Mazda’s nifty cargo-cover solution retracts as the tailgate lifts, a neat and smart touch of engineering. A standard-fit cargo net would be nice, although the convenience of a remote folding rear bench is appreciated for bicycle portaging. A spare tyre sits under the high-set boot floor meaning a minimal load-lip, too.

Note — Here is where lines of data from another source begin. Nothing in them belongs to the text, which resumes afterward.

definition chi_deriv ::
  "'s set \<Rightarrow> ('s \<Rightarrow> complex) \<Rightarrow> ('s \<Rightarrow> nat) \<Rightarrow> ('s \<Rightarrow> nat \<Rightarrow> complex) \<Rightarrow> complex \<Rightarrow> complex"
where
  "chi_deriv S pos m lev z = (\<Sum>a\<in>S. \<Sum>p<m a. - (of_nat (p + 1) * lev a p) / (z - pos a) ^ (p + 2))"

lemma has_field_derivative_chi:
  assumes "finite S" "z \<notin> pos ` S"
  shows "(chi S pos m lev has_field_derivative chi_deriv S pos m lev z) (at z)"
  unfolding chi_def[abs_def] chi_deriv_def
  using assms by (intro DERIV_sum has_field_derivative_pole_term) auto

lemma isCont_chi_deriv:
  assumes "z \<notin> pos ` S"
  shows "isCont (chi_deriv S pos m lev) z"
  unfolding chi_deriv_def[abs_def] using assms by (intro continuous_intros) auto

lemma chi_deriv_tendsto_zero_at_infinity: "(chi_deriv S pos m lev \<longlongrightarrow> 0) at_infinity"
proof -
  have "((\<lambda>w. \<Sum>a\<in>S. \<Sum>p<m a. - (of_nat (p + 1) * lev a p) / (w - pos a) ^ Suc (p + 1))
          \<longlongrightarrow> (\<Sum>a\<in>S. \<Sum>p<m a. 0)) at_infinity"
    by (intro tendsto_sum tendsto_pole_term_at_infinity)
  then show ?thesis
    by (simp add: chi_deriv_def[abs_def])
qed

lemma deriv_chi_minus_const:
  assumes "finite S" "z \<notin> pos ` S"
  shows "deriv (\<lambda>z. chi S pos m lev z - L) z = chi_deriv S pos m lev z"
  using DERIV_diff[OF has_field_derivative_chi[OF assms] DERIV_const] by (simp add: DERIV_imp_deriv)

lemma has_field_derivative_chi_sum_shift:
  assumes "finite S1" "finite S2" "z \<notin> pos1 ` S1" "z + t \<notin> pos2 ` S2"
  shows "((\<lambda>z. chi S1 pos1 m1 lev1 z + chi S2 pos2 m2 lev2 (z + t)) has_field_derivative
           chi_deriv S1 pos1 m1 lev1 z + chi_deriv S2 pos2 m2 lev2 (z + t)) (at z)"
  using DERIV_add[OF has_field_derivative_chi[OF assms(1,3)]
      has_field_derivative_chi[OF assms(2,4), unfolded DERIV_shift]] .

lemma chi_deriv_near:
  assumes "finite S" "\<zeta> \<notin> pos ` S" "e > 0"
  obtains r where "r > 0"
    "\<And>z. z \<in> ball \<zeta> r \<Longrightarrow> z \<notin> pos ` S \<and> norm (chi_deriv S pos m lev z - chi_deriv S pos m lev \<zeta>) < e"
proof -
  have "open (- pos ` S)"
    using assms(1) by (intro open_Compl finite_imp_closed) simp
  then have "eventually (\<lambda>z. z \<notin> pos ` S) (nhds \<zeta>)"
    using eventually_nhds_in_open[of "- pos ` S" \<zeta>] assms(2) by simp
  moreover have "eventually (\<lambda>z. dist (chi_deriv S pos m lev z) (chi_deriv S pos m lev \<zeta>) < e) (nhds \<zeta>)"
    using isCont_chi_deriv[OF assms(2)] assms(3)
    unfolding continuous_at tendsto_at_iff_tendsto_nhds by (rule tendstoD)
  ultimately have "eventually (\<lambda>z. z \<notin> pos ` S \<and>
      dist (chi_deriv S pos m lev z) (chi_deriv S pos m lev \<zeta>) < e) (nhds \<zeta>)"
    by (rule eventually_conj)
  then obtain r where "r > 0" and r: "\<And>z. dist z \<zeta> < r \<Longrightarrow>
      z \<notin> pos ` S \<and> dist (chi_deriv S pos m lev z) (chi_deriv S pos m lev \<zeta>) < e"
    unfolding eventually_nhds_metric by metis
  then show ?thesis
    using that[of r] r by (simp add: dist_norm norm_minus_commute)
qed

lemma chi_deriv_far:
  assumes "finite S" "e > 0"
  obtains R where "\<And>w. R \<le> norm w \<Longrightarrow> w \<notin> pos ` S \<and> norm (chi_deriv S pos m lev w) < e"
proof -
  have "eventually (\<lambda>w. w \<notin> pos ` S) at_infinity"
    using assms(1) by (intro eventually_notin_bounded_at_infinity finite_imp_bounded) simp
  moreover have "eventually (\<lambda>w. norm (chi_deriv S pos m lev w) < e) at_infinity"
    using chi_deriv_tendsto_zero_at_infinity assms(2) unfolding tendsto_iff by force
  ultimately have "eventually (\<lambda>w. w \<notin> pos ` S \<and> norm (chi_deriv S pos m lev w) < e) at_infinity"
    by (rule eventually_conj)
  then show ?thesis
    using that unfolding eventually_at_infinity by metis
qed

lemma bij_betw_site_conj:
  assumes "site_config S cj pos m lev"
  shows "bij_betw cj S S"
  using assms unfolding site_config_def by (intro bij_betw_byWitness[where f'=cj]) auto

lemma site_sum_cnj:
  assumes cfg: "site_config S cj pos m lev"
    and f: "\<And>p x w. f p (cnj x) (cnj w) = cnj (f p x w)"
  shows "(\<Sum>a\<in>S. \<Sum>p<m a. f p (lev a p) (cnj z - pos a))
           = cnj (\<Sum>a\<in>S. \<Sum>p<m a. f p (lev a p) (z - pos a))"
proof -
  have "(\<Sum>a\<in>S. \<Sum>p<m a. f p (lev a p) (cnj z - pos a))
          = (\<Sum>a\<in>S. \<Sum>p<m (cj a). f p (lev (cj a) p) (cnj z - pos (cj a)))"
    by (rule sum.reindex_bij_betw[OF bij_betw_site_conj[OF cfg],
          where g="\<lambda>a. \<Sum>p<m a. f p (lev a p) (cnj z - pos a)", symmetric])
  also have "\<dots> = (\<Sum>a\<in>S. \<Sum>p<m a. cnj (f p (lev a p) (z - pos a)))"
  proof (rule sum.cong[OF refl])
    fix a assume "a \<in> S"
    with cfg have "m (cj a) = m a" "pos (cj a) = cnj (pos a)"
      and "\<And>p. p < m a \<Longrightarrow> lev (cj a) p = cnj (lev a p)"
      unfolding site_config_def by auto
    moreover have "f p (cnj (lev a p)) (cnj z - cnj (pos a)) = cnj (f p (lev a p) (z - pos a))" for p
      using f[of p "lev a p" "z - pos a"] by simp
    ultimately show "(\<Sum>p<m (cj a). f p (lev (cj a) p) (cnj z - pos (cj a)))
        = (\<Sum>p<m a. cnj (f p (lev a p) (z - pos a)))"
      by (intro sum.cong) auto
  qed
  also have "\<dots> = cnj (\<Sum>a\<in>S. \<Sum>p<m a. f p (lev a p) (z - pos a))"
    by (simp only: cnj_sum)
  finally show ?thesis .
qed

lemma chi_cnj:
  assumes "site_config S cj pos m lev"
  shows "chi S pos m lev (cnj z) = cnj (chi S pos m lev z)"
  unfolding chi_def by (rule site_sum_cnj[OF assms, where f="\<lambda>p x w. x / w ^ (p + 1)"]) simp

lemma chi_deriv_cnj:
  assumes "site_config S cj pos m lev"
  shows "chi_deriv S pos m lev (cnj z) = cnj (chi_deriv S pos m lev z)"
  unfolding chi_deriv_def
  by (rule site_sum_cnj[OF assms, where f="\<lambda>p x w. - (of_nat (p + 1) * x) / w ^ (p + 2)"]) simp

lemma chi_deriv_real:
  assumes "site_config S cj pos m lev" "z \<in> \<real>"
  shows "chi_deriv S pos m lev z \<in> \<real>"
  using chi_deriv_cnj[OF assms(1), of z] assms(2) by (simp add: Reals_cnj_iff)

lemma inj_on_shifted_chi_sum:
  assumes "finite SA" "finite SB" "convex D"
    and poles: "\<And>z. z \<in> D \<Longrightarrow> z \<notin> posA ` SA \<and> z + t \<notin> posB ` SB"
    and near: "\<And>z. z \<in> D \<Longrightarrow>
      norm (chi_deriv SA posA mA levA z - c) + norm (chi_deriv SB posB mB levB (z + t)) \<le> B"
    and "B < norm c"
  shows "inj_on (\<lambda>z. chi SA posA mA levA z + chi SB posB mB levB (z + t)) D"
proof (rule inj_on_if_deriv_near_const[OF \<open>convex D\<close> _ _ \<open>B < norm c\<close>])
  fix z assume "z \<in> D"
  show "((\<lambda>z. chi SA posA mA levA z + chi SB posB mB levB (z + t)) has_field_derivative
      chi_deriv SA posA mA levA z + chi_deriv SB posB mB levB (z + t)) (at z within D)"
    using assms(1,2) poles[OF \<open>z \<in> D\<close>]
    by (intro has_field_derivative_chi_sum_shift[THEN has_field_derivative_at_within]) auto
  show "norm (chi_deriv SA posA mA levA z + chi_deriv SB posB mB levB (z + t) - c) \<le> B"
    using near[OF \<open>z \<in> D\<close>]
      norm_triangle_ineq[of "chi_deriv SA posA mA levA z - c" "chi_deriv SB posB mB levB (z + t)"]
    by (simp add: algebra_simps)
qed

lemma shifted_chi_sum_cnj:
  assumes "site_config SA cjA posA mA levA" "site_config SB cjB posB mB levB" "t \<in> \<real>"
  shows "chi SA posA mA levA (cnj z) + chi SB posB mB levB (cnj z + t)
           = cnj (chi SA posA mA levA z + chi SB posB mB levB (z + t))"
proof -
  have "cnj t = t"
    using assms(3) Reals_cnj_iff by blast
  then show ?thesis
    using chi_cnj[OF assms(1), of z] chi_cnj[OF assms(2), of "z + t"] by simp
qed

lemma shifted_chi_sum_zeros_real:
  assumes cfgA: "site_config SA cjA posA mA levA" and cfgB: "site_config SB cjB posB mB levB"
    and \<zeta>: "\<zeta> \<notin> posA ` SA" "\<zeta> \<in> \<real>" and c: "chi_deriv SA posA mA levA \<zeta> \<noteq> 0"
  obtains r R where "r > 0"
    "\<And>z t. z \<in> ball \<zeta> r \<Longrightarrow> t \<in> \<real> \<Longrightarrow> R \<le> norm t \<Longrightarrow>
       chi SA posA mA levA z + chi SB posB mB levB (z + t) \<in> \<real> \<Longrightarrow> z \<in> \<real>"
proof -
  define c where "c = chi_deriv SA posA mA levA \<zeta>"
  have finA: "finite SA" and finB: "finite SB"
    using cfgA cfgB by (simp_all add: site_config_def)
  have e: "norm c / 4 > 0"
    using c by (simp add: c_def)
  obtain r where "r > 0" and near: "\<And>z. z \<in> ball \<zeta> r \<Longrightarrow>
      z \<notin> posA ` SA \<and> norm (chi_deriv SA posA mA levA z - c) < norm c / 4"
    using chi_deriv_near[OF finA \<zeta>(1) e] unfolding c_def by blast
  obtain R where far: "\<And>w. R \<le> norm w \<Longrightarrow>
      w \<notin> posB ` SB \<and> norm (chi_deriv SB posB mB levB w) < norm c / 4"
    using chi_deriv_far[OF finB e] by blast
  have "z \<in> \<real>" if z: "z \<in> ball \<zeta> r" and t: "t \<in> \<real>" "R + norm \<zeta> + r \<le> norm t"
    and real: "chi SA posA mA levA z + chi SB posB mB levB (z + t) \<in> \<real>" for z t
  proof -
    have far_shifted: "w + t \<notin> posB ` SB \<and> norm (chi_deriv SB posB mB levB (w + t)) < norm c / 4"
      if "w \<in> ball \<zeta> r" for w
    proof (rule far)
      have "norm w \<le> norm \<zeta> + r"
        using that norm_triangle_ineq2[of w \<zeta>] by (simp add: dist_norm norm_minus_commute)
      then show "R \<le> norm (w + t)"
        using t(2) norm_triangle_ineq2[of t "- w"] by (simp add: add.commute)
    qed
    have "inj_on (\<lambda>z. chi SA posA mA levA z + chi SB posB mB levB (z + t)) (ball \<zeta> r)"
      using near far_shifted e
      by (intro inj_on_shifted_chi_sum[OF finA finB convex_ball, where B="norm c / 2" and c=c]) force+
    moreover have "cnj z \<in> ball \<zeta> r"
      using z \<zeta>(2) by (metis Reals_cnj_iff complex_cnj_diff complex_mod_cnj dist_norm mem_ball)
    ultimately show ?thesis
      using real_if_inj_on_cnj_symmetric z shifted_chi_sum_cnj[OF cfgA cfgB t(1)] real by blast
  qed
  then show ?thesis
    using that[OF \<open>r > 0\<close>] by blast
qed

It’s easy to see why the CX-5 is still a family favourite; Mazda’s mid-size SUV is a practical and pragmatic choice. The myriad ways to configure a CX-5 to suit different budgets and outcomes improves prospects further. Maxx Sport FWD trim does without the off-road credentials added for 2020, but what matters is that even at the lower end the CX-5’s character is intact. Mazda’s deft updates for 2020 have increased the feeling of premium, too. Excellent ride and comfort remains while the driving experience is more serene than ever. The CX-5 won’t stand out in a crowd; instead, the Mazda happily joins its family like an ageing labrador; warming your feet in winter and following commands without protest.